Saved data entries:
(* In the periodic lock scheduling problem, there exists an optimal schedule $\sigma$ that is periodic with period of length at most $8\Lambda$, where $\Lambda=\operatorname{lcm}(\lambda_1,\dots,\lambda_k)$.
   Context: Periodic lock scheduling problem. Time is discrete, periods $t=1,2,\dots$. There are $k$ vessel streams; stream $i$ has a direction $\delta_i\in\{D,U\}$, an integer periodicity $\lambda_i\ge1$ and an integer offset $1\le\mu_i\le\lambda_i$; $a_i(t)=1$ if $t\equiv\mu_i\pmod{\lambda_i}$ and $0$ otherwise, $a_\delta(t)=\sum_{i:\delta_i=\delta}a_i(t)$. A schedule is a sequence $\sigma=(\sigma(t))_{t\ge1}$ with $\sigma(t)\in\{D,U,W\}$ ($D$: process downstream waiting vessels and switch alignment from downstream to upstream; $U$ symmetrically; $W$: wait at current alignment); the initial orientation is arbitrary; it is feasible if the non-$W$ actions alternate between $D$ and $U$. A sequence is periodic with period $P$ if $\sigma(t)=\sigma(t+P)$ for all $t$. Queue lengths: $n_D(0)=n_U(0)=0$ and for $t\ge1$, $n_\delta(t)=0$ if $\sigma(t)=\delta$ and $n_\delta(t)=n_\delta(t-1)+a_\delta(t)$ otherwise. $C_\sigma(t)=n_D(t)+n_U(t)$ and $C_{\mathrm{avg},\sigma}=\lim_{T\to\infty}\frac1T\sum_{t=1}^TC_\sigma(t)$. A schedule is optimal if it is feasible and minimizes $C_{\mathrm{avg},\sigma}$ over all feasible schedules. *)

theory Defs
  imports Complex_Main
begin

datatype dir = Down | Upstr

datatype action = Proc dir | Wait

text \<open>A vessel stream is a triple (direction, periodicity lambda, offset mu).\<close>
type_synonym stream = "dir \<times> nat \<times> nat"

definition valid_stream :: "stream \<Rightarrow> bool" where
  "valid_stream s = (case s of (d, l, m) \<Rightarrow> 1 \<le> l \<and> 1 \<le> m \<and> m \<le> l)"

definition arrival :: "stream \<Rightarrow> nat \<Rightarrow> nat" where
  "arrival s t = (case s of (d, l, m) \<Rightarrow> if t mod l = m mod l then 1 else 0)"

definition arrivals :: "stream list \<Rightarrow> dir \<Rightarrow> nat \<Rightarrow> nat" where
  "arrivals S d t = (\<Sum>s\<leftarrow>S. if fst s = d then arrival s t else 0)"

text \<open>Schedules are indexed by periods t = 1,2,...; the value at 0 is irrelevant.\<close>
type_synonym schedule = "nat \<Rightarrow> action"
lemma (in prob_space) prob_in_bdd_above_le:
  fixes p :: "'a \<Rightarrow> real"
  assumes [measurable]: "p \<in> borel_measurable M" and bdd: "bdd_above L" and "0 \<le> c"
    and le_c: "\<And>t. t \<in> L \<Longrightarrow> prob {\<omega> \<in> space M. p \<omega> \<le> t} \<le> c"
  shows "prob {\<omega> \<in> space M. p \<omega> \<in> L} \<le> c"
proof (cases "L = {}")
  case True
  then show ?thesis using \<open>0 \<le> c\<close> by simp
next
  case False
  define a where "a = Sup L"
  have upper: "t \<le> a" if "t \<in> L" for t
    unfolding a_def using that bdd by (rule cSup_upper)
  show ?thesis
  proof (cases "a \<in> L")
    case True
    have "prob {\<omega> \<in> space M. p \<omega> \<in> L} \<le> prob {\<omega> \<in> space M. p \<omega> \<le> a}"
      using upper by (intro finite_measure_mono) auto
    then show ?thesis using le_c[OF True] by simp
  next
    case a_notin: False
    define A where "A k = {\<omega> \<in> space M. p \<omega> \<le> a - 1 / Suc k}" for k
    have A_sets: "range A \<subseteq> sets M" unfolding A_def by auto
    have "incseq A"
      unfolding A_def by (intro incseq_SucI) (auto simp: frac_le intro: order_trans)
    have A_le: "prob (A k) \<le> c" for k
    proof -
      have "a - 1 / Suc k < Sup L" by (simp add: a_def)
      then obtain t where "t \<in> L" "a - 1 / Suc k < t"
        using less_cSup_iff[OF False bdd] by auto
      then have "prob (A k) \<le> prob {\<omega> \<in> space M. p \<omega> \<le> t}"
        unfolding A_def by (intro finite_measure_mono) auto
      then show ?thesis using le_c[OF \<open>t \<in> L\<close>] by simp
    qed
    have "{\<omega> \<in> space M. p \<omega> \<in> L} \<subseteq> (\<Union>k. A k)"
    proof safe
      fix \<omega> assume \<omega>: "\<omega> \<in> space M" "p \<omega> \<in> L"
      then have "p \<omega> < a" using upper[of "p \<omega>"] a_notin by (metis order_less_le)
      then obtain k where "1 / real (Suc k) < a - p \<omega>"
        using reals_Archimedean[of "a - p \<omega>"] by (auto simp: inverse_eq_divide)
      then have "\<omega> \<in> A k" using \<omega> by (simp add: A_def)
      then show "\<omega> \<in> (\<Union>k. A k)" by blast
    qed
    then have "prob {\<omega> \<in> space M. p \<omega> \<in> L} \<le> prob (\<Union>k. A k)"
      using A_sets by (intro finite_measure_mono) auto
    also have "\<dots> \<le> c"
      using finite_Lim_measure_incseq[OF A_sets \<open>incseq A\<close>] A_le
      by (intro LIMSEQ_le_const2[where X = "\<lambda>k. prob (A k)"]) auto
    finally show ?thesis .
  qed
qed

Task description:
A lone number is the expected answer: the count of lines in these entries holding the string "unfolding".

Exercise output:
4